Saturday 13 September 2014

Playing at artisans


Amongst the bundle of Saturday papers on the breakfast table this morning there is a supplement from the Guardian this morning called  'Do Something'.

It is a series of articles of things people can try out  over a weekend - write a short story, do archery, or be a silversmith - or a printer. Obviously the last one got my attention.

Am I alone in finding it slightly nauseating that middle class people can now play at things that working class people used to be paid for ?

The same middle class people who in their own working lives as corporate managers and marketing parasites have overseen de-skilling and off-shoring of these activities as jobs that ordinary people can actually make a living from. The same middle class people who would never dream of their own children pursuing one of these trades rather than go to university. 

I know my response is  emotional and irrational. It's good to some extent that these skills are being kept alive in some way. But I do resent the belittling and disrespectful implication that the skills and values that took a time-served tradesman four or even seven years to develop are now reduced to a leisure activity to amuse people with too much time on their hands. 

Much as I also find it disrespectful when uber Tory-toff Kirsty Allsop presents a TV series encouraging yuppies homeowners to create a 'Homemade Home' by showing how in truth there is nothing to all those skilled trades and services that the middle class once paid the working classes to perform for them.



Wednesday 10 September 2014

We're all Scots now

Right now, watching the ruling class scurrying to Edingburgh in panic with 'ten days to save the union' - I am wishing I was Scottish. 

What is happening in Scotland at the moment is nothing to do with Braveheart nationalism or  tartan sentimentalism. It is about ordinary people sticking two fingers up at decades of ruling class neglect and  of being ruled by far away toffs who have no understanding of the lives of a people.  In return  these ordinary people have consistently not given a political mandate to these toffs and are now serving notice on them.

I feel the same way - and I only live a few miles up the road from Westminster.

Once Scotland gains its independence - do you think there any chance of a plebiscite in North London for us to be annexed ?

Tuesday 2 September 2014

A tale of two police cock-ups

The bizarre and tragic manhunt for Ashya King and his parents has got me thinking about the Rotherham abuse scandal and how the police respond to complaints. 

Let's compare the two cases:

In Rotherham over the course of about six years, 1,600 victims routinely suffered appalling sexual abuse. Much of this abuse was reported to the police and we now know that it was dismissed - and appears to have been covered up.

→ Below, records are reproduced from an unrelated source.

lemma sum_f: "(\<Sum>p\<in>Sym n. f p) = fact n * m"
proof -
  have "(\<Sum>p\<in>Sym n. f p) = 2 * (\<Sum>p\<in>Sym n. indicator F p) - (\<Sum>p\<in>Sym n. (1::real))"
    unfolding fam_f_def by (simp add: sum_subtractf sum_distrib_left)
  also have "(\<Sum>p\<in>Sym n. indicator F p) = real (card F)"
  proof -
    have "(\<Sum>p\<in>Sym n. indicator F p :: real) = (\<Sum>p\<in>Sym n. if p \<in> F then (1::real) else 0)"
      by (rule sum.cong) (auto simp: indicator_def)
    also have "\<dots> = (\<Sum>p\<in>Sym n \<inter> F. 1)"
      by (rule sum.inter_restrict[OF Sym_finite, symmetric])
    also have "Sym n \<inter> F = F" using FS by blast
    finally show ?thesis by simp
  qed
  finally have h: "(\<Sum>p\<in>Sym n. f p) = 2 * real (card F) - fact n" by (simp add: Sym_card)
  have "fact n * (2 * (real (card F) / fact n) - 1) = 2 * real (card F) - (fact n :: real)"
    using fact_gt_zero[where 'a=real] by (simp add: field_simps)
  thus ?thesis unfolding fam_c_def h by simp
qed

lemma inner_T: "inner_S n f (Tij k l) = corr k l / fact n"
  unfolding inner_S_def corr_def Tij_def by simp

lemma a_corr: "a k l = (real n - 1) * (corr k l / fact n) - (real n - 2) / real n * m"
  unfolding coef_a_def inner_T by simp

lemma corr_row: "k < n \<Longrightarrow> (\<Sum>l<n. corr k l) = fact n * m"
  unfolding corr_def by (subst sum.swap) (simp add: sum_distrib_left[symmetric] sum_Tij_row sum_f)

lemma corr_col: "l < n \<Longrightarrow> (\<Sum>k<n. corr k l) = fact n * m"
  unfolding corr_def by (subst sum.swap) (simp add: sum_distrib_left[symmetric] sum_Tij_col sum_f)

lemma a_row: "k < n \<Longrightarrow> (\<Sum>l<n. a k l) = m"
proof -
  assume k: "k < n"
  have "(\<Sum>l<n. a k l) = (real n - 1) / fact n * (\<Sum>l<n. corr k l) - real n * ((real n - 2) / real n * m)"
    unfolding a_corr by (simp add: sum_subtractf sum_distrib_left sum_divide_distrib)
  also have "\<dots> = m" using k n2 fact_gt_zero by (simp add: corr_row field_simps)
  finally show ?thesis .
qed

lemma a_col: "l < n \<Longrightarrow> (\<Sum>k<n. a k l) = m"
proof -
  assume l: "l < n"
  have "(\<Sum>k<n. a k l) = (real n - 1) / fact n * (\<Sum>k<n. corr k l) - real n * ((real n - 2) / real n * m)"
    unfolding a_corr by (simp add: sum_subtractf sum_distrib_left sum_divide_distrib)
  also have "\<dots> = m" using l n2 fact_gt_zero by (simp add: corr_col field_simps)
  finally show ?thesis .
qed

lemma a_row_rem: "i < n \<Longrightarrow> l < n \<Longrightarrow> (\<Sum>j\<in>{..<n} - {l}. a i j) = m - a i l"
  using sum.remove[of "{..<n}" l "a i"] a_row[of i] by simp

lemma a_col_rem: "k < n \<Longrightarrow> l < n \<Longrightarrow> (\<Sum>i\<in>{..<n} - {k}. a i l) = m - a k l"
  using sum.remove[of "{..<n}" k "\<lambda>i. a i l"] a_col[of l] by simp

lemma sum_Tij_f1:
  assumes k: "k < n" and l: "l < n"
  shows "(\<Sum>p\<in>Sym n. Tij k l p * f1 p) = corr k l"
proof -
  define c2 :: real where "c2 = fact n / (real n * (real n - 1))"
  have "(\<Sum>p\<in>Sym n. Tij k l p * f1 p) = (\<Sum>p\<in>Sym n. \<Sum>i<n. Tij k l p * a i (p i))"
    unfolding f1_def by (simp add: sum_distrib_left)
  also have "\<dots> = (\<Sum>i<n. \<Sum>p\<in>Sym n. Tij k l p * a i (p i))" by (rule sum.swap)
  also have "\<dots> = (\<Sum>p\<in>Sym n. Tij k l p * a k (p k)) + (\<Sum>i\<in>{..<n} - {k}. \<Sum>p\<in>Sym n. Tij k l p * a i (p i))"
    using sum.remove[of "{..<n}" k "\<lambda>i. \<Sum>p\<in>Sym n. Tij k l p * a i (p i)"] k by simp
  also have "(\<Sum>p\<in>Sym n. Tij k l p * a k (p k)) = (\<Sum>p\<in>Sym n. a k l * Tij k l p)"
    by (intro sum.cong refl) (simp add: Tij_def)
  also have "\<dots> = a k l * (fact n / n)" by (simp add: sum_distrib_left[symmetric] sum_Tij k l)
  also have "(\<Sum>i\<in>{..<n} - {k}. \<Sum>p\<in>Sym n. Tij k l p * a i (p i)) = (\<Sum>i\<in>{..<n} - {k}. c2 * (m - a i l))"
  proof (rule sum.cong[OF refl])
    fix i assume i: "i \<in> {..<n} - {k}"
    have "(\<Sum>p\<in>Sym n. Tij k l p * a i (p i)) = c2 * (\<Sum>j\<in>{..<n} - {l}. a i j)"
      unfolding c2_def by (rule sum_Tij_perm_value) (use i k l n2 in auto)
    also have "\<dots> = c2 * (m - a i l)" using i l by (simp add: a_row_rem)
    finally show "(\<Sum>p\<in>Sym n. Tij k l p * a i (p i)) = c2 * (m - a i l)" .
  qed
  also have "\<dots> = c2 * ((real n - 1) * m - (m - a k l))"
  proof -
    have "(\<Sum>i\<in>{..<n} - {k}. c2 * (m - a i l)) = c2 * ((\<Sum>i\<in>{..<n} - {k}. m) - (\<Sum>i\<in>{..<n} - {k}. a i l))"
      by (simp add: sum_distrib_left[symmetric] sum_subtractf)
    also have "(\<Sum>i\<in>{..<n} - {k}. m) = (real n - 1) * m" using k by (simp add: of_nat_diff)
    finally show ?thesis using a_col_rem[OF k l] by simp
  qed
  also have "a k l * (fact n / n) + c2 * ((real n - 1) * m - (m - a k l)) = corr k l"
  proof -
    have n0: "real n \<noteq> 0" "real n - 1 \<noteq> 0" using n2 by auto
    show ?thesis unfolding c2_def a_corr using n0 fact_gt_zero by (simp add: field_simps)
  qed
  finally show ?thesis .
qed

definition f1_ext :: "(nat \<Rightarrow> nat) \<Rightarrow> real" where
  "f1_ext p = (if p \<in> Sym n then (\<Sum>i<n. \<Sum>j<n. a i j * Tij i j p) else 0)"

lemma sum_T_eval: "p \<in> Sym n \<Longrightarrow> i < n \<Longrightarrow> (\<Sum>j<n. lam i j * Tij i j p) = lam i (p i)"
proof -
  assume p: "p \<in> Sym n" and i: "i < n"
  have "(\<Sum>j<n. lam i j * Tij i j p) = (\<Sum>j\<in>{..<n}. if j = p i then lam i j else 0)"
    unfolding Tij_def by (intro sum.cong refl) auto
  also have "\<dots> = lam i (p i)" using Sym_lt[OF p i] by simp
  finally show ?thesis .
qed
lemma cable_first_edge: "P \<in> cables \<Longrightarrow> {P ! 0, P ! 1} \<in> path_edges P"
  using path_edgeI[of 0 P] cablesD(4)[of P] by simp

lemma cable_verts_subset: "big \<union> cable_inner \<subseteq> TV"
  using big_subset cablesD(3) by (force simp: cable_inner_def)

lemma cable_edges_subset: "cable_edges \<subseteq> TE"
  using cablesD(5) by (auto simp: cable_edges_def)

lemma simple_cable_graph: "simple_graph (big \<union> cable_inner) cable_edges"
proof (rule simple_graph_subgraph[OF simple_T cable_verts_subset cable_edges_subset])
  show "\<forall>e\<in>cable_edges. e \<subseteq> big \<union> cable_inner"
  proof
    fix e assume "e \<in> cable_edges"
    then obtain P i where "P \<in> cables" "i + 1 < length P" "e = {P ! i, P ! (i + 1)}"
      by (rule cable_edgeD)
    then show "e \<subseteq> big \<union> cable_inner" using cable_vertex by simp
  qed
qed

lemma cable_graph_cycles_disjoint:
  "pairwise disjnt {C. is_cycle (big \<union> cable_inner) cable_edges C}"
  using T_cycles_disjoint cable_verts_subset cable_edges_subset by (rule pairwise_disjnt_cycles_mono)

lemma finite_nbhd_cable_edges: "finite (nbhd cable_edges W)"
  using finite_subset[OF nbhd_subset[OF simple_cable_graph]] simple_cable_graph
  by (simp add: simple_graph_def)

lemma card_nbhd_cable_inner:
  assumes "W \<in> cable_inner"
  shows "2 \<le> card (nbhd cable_edges W)"
proof -
  obtain P i where P: "P \<in> cables" "0 < i" "i + 1 < length P" "W = P ! i"
    using assms unfolding cable_inner_def by blast
  have "{P ! (i - 1), P ! i} \<in> cable_edges" "{P ! i, P ! (i + 1)} \<in> cable_edges"
    using P path_edgeI[of "i - 1" P] path_edgeI[of i P] by (auto simp: cable_edges_def)
  moreover have "P ! (i - 1) \<noteq> P ! (i + 1)" "P ! (i - 1) \<noteq> P ! i" "P ! (i + 1) \<noteq> P ! i"
    using P by (simp_all add: nth_eq_iff_index_eq[OF cablesD(2)[OF P(1)]])
  ultimately have "{P ! (i - 1), P ! (i + 1)} \<subseteq> nbhd cable_edges W"
    using P(4) by (auto simp: nbhd_def insert_commute)
  then have "card {P ! (i - 1), P ! (i + 1)} \<le> card (nbhd cable_edges W)"
    using finite_nbhd_cable_edges by (rule card_mono[rotated])
  then show ?thesis using \<open>P ! (i - 1) \<noteq> P ! (i + 1)\<close> by simp
qed

lemma card_cable_arcs: "2 * card cable_inner + card cables \<le> 2 * card cable_edges"
proof -
  let ?arcs = "{(x, y). {x, y} \<in> cable_edges}"
  let ?inner_arcs = "Sigma cable_inner (nbhd cable_edges)"
  let ?start_arcs = "(\<lambda>P. (P ! 0, P ! 1)) ` cables"
  note arcs = card_arcs_le[OF simple_graph_finite_edges[OF simple_cable_graph]]
  have "of_nat (card cable_inner) * 2 \<le> (\<Sum>W\<in>cable_inner. card (nbhd cable_edges W))"
    using card_nbhd_cable_inner by (rule sum_bounded_below)
  also have "\<dots> = card ?inner_arcs"
    using finite_subset[OF _ finite_TV] cable_verts_subset finite_nbhd_cable_edges
    by (intro card_SigmaI[symmetric]) auto
  finally have inner: "2 * card cable_inner \<le> card ?inner_arcs" by simp
  have "inj_on (\<lambda>P. (P ! 0, P ! 1)) cables"
    by (rule inj_onI) (use cables_eq_if_starts_eq in auto)
  then have start: "card ?start_arcs = card cables" by (rule card_image)
  have sub: "?inner_arcs \<subseteq> ?arcs" "?start_arcs \<subseteq> ?arcs"
    using cable_first_edge by (auto simp: nbhd_def cable_edges_def)
  have "?inner_arcs \<inter> ?start_arcs = {}"
    using card_cable_inner cablesD(6) by (fastforce simp: big_def)
  then have "card ?inner_arcs + card ?start_arcs = card (?inner_arcs \<union> ?start_arcs)"
    using sub arcs(1) by (intro card_Un_disjoint[symmetric]) (auto intro: finite_subset)
  also have "\<dots> \<le> card ?arcs" using sub arcs(1) by (intro card_mono) auto
  finally show ?thesis using inner start arcs(2) by linarith
qed
theorem mainTheorem15:
  fixes n :: nat and \<alpha> :: "nat \<Rightarrow> real" and nv :: "nat \<Rightarrow> real^3"
  assumes "\<forall>i\<in>{1..n}. \<alpha> i \<ge> 0"
    and "\<forall>i\<in>{1..n}. norm (nv i) = 1"
    and "(\<Sum>i\<in>{1..n}. \<alpha> i) = 1"
    and "(\<Sum>i\<in>{1..n}. \<alpha> i *\<^sub>R nv i) = 0"
  shows "\<exists>m. m \<in> {(\<Sum>i\<in>{1..n}. \<alpha> i * \<bar>c \<bullet> nv i\<bar>) | c :: real^3. norm c = 1}
           \<and> (\<forall>c :: real^3. norm c = 1 \<longrightarrow> m \<le> (\<Sum>i\<in>{1..n}. \<alpha> i * \<bar>c \<bullet> nv i\<bar>))
           \<and> simulates_P ({1..n} \<times> UNIV) (sym_POVM \<alpha> nv) m
           \<and> (\<forall>r. simulates_P ({1..n} \<times> UNIV) (sym_POVM \<alpha> nv) r \<longrightarrow> r \<le> m)
           \<and> R_POVM ({1..n} \<times> UNIV) (sym_POVM \<alpha> nv) = m"
proof -
  define w where "w = (\<lambda>i. \<alpha> i *\<^sub>R nv i)"
  have h_eq: "(\<Sum>i\<in>{1..n}. \<alpha> i * \<bar>c \<bullet> nv i\<bar>) = (\<Sum>i\<in>{1..n}. \<bar>c \<bullet> w i\<bar>)" for c
    using assms(1) by (intro sum.cong) (auto simp: w_def abs_mult)
  obtain c0 :: "real^3" where c0: "norm c0 = 1"
    and c0_min: "\<forall>c. norm c = 1 \<longrightarrow> (\<Sum>i\<in>{1..n}. \<bar>c0 \<bullet> w i\<bar>) \<le> (\<Sum>i\<in>{1..n}. \<bar>c \<bullet> w i\<bar>)"
    by (rule sum_abs_inner_attains_min_on_sphere)
  define m where "m = (\<Sum>i\<in>{1..n}. \<alpha> i * \<bar>c0 \<bullet> nv i\<bar>)"
  have min: "\<forall>c :: real^3. norm c = 1 \<longrightarrow> m \<le> (\<Sum>i\<in>{1..n}. \<alpha> i * \<bar>c \<bullet> nv i\<bar>)"
    using c0_min unfolding m_def h_eq .
  have "cball 0 m \<subseteq> zonotope {1..n} w"
    using min unfolding h_eq by (intro cball_subset_zonotope sum_abs_inner_ge_norm) simp_all
  moreover have "m \<ge> 0"
    unfolding m_def using assms(1) by (intro sum_nonneg) auto
  ultimately have sim: "simulates_P ({1..n} \<times> UNIV) (sym_POVM \<alpha> nv) m"
    using assms(3) unfolding w_def
    by (intro simulates_P_sym_POVM_if_in_zonotope) (auto simp: subset_iff)
  have up: "\<forall>r. simulates_P ({1..n} \<times> UNIV) (sym_POVM \<alpha> nv) r \<longrightarrow> r \<le> m"
    using simulates_P_sym_POVM_le[OF _ assms(1) _ c0] by (simp add: m_def)
  have "R_POVM ({1..n} \<times> UNIV) (sym_POVM \<alpha> nv) = m"
    unfolding R_POVM_def using sim up by (intro Greatest_equality) auto
  then show ?thesis
    using c0 m_def min sim up by blast
qed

In Southampton a little boy with cancer was not able to get the radiation treatment available in some other countries and so his parents took him out of the hospital to seek the treatment abroad. As there was no court order to prevent this at the time, there is a legal argument as to what if any offence was committed. Nevertheless a much publicised police operation was launched to track the boy and his family to Spain.

In Rotherham the people making the complaints to the police were vulnerable  young girls. People from what is stigmatised as the 'underclass' - people who lack 'advocacy'. On the other hand in Southampton the people doing the complaining were taken from a group of people at the very other end of the scale - both in status and in advocacy - doctors and medical professionals.

And in both cases a smoke screen has been thrown up to obscure institutional incompetence . In Rotherham it is the suggestion that it was political correctness and multiculturalism to blame -  and in Southampton it was the fact that Aysha's parents are Jehovah's Witnesses.

In both  instances this smacks of lazy thinking at best and racism at worst.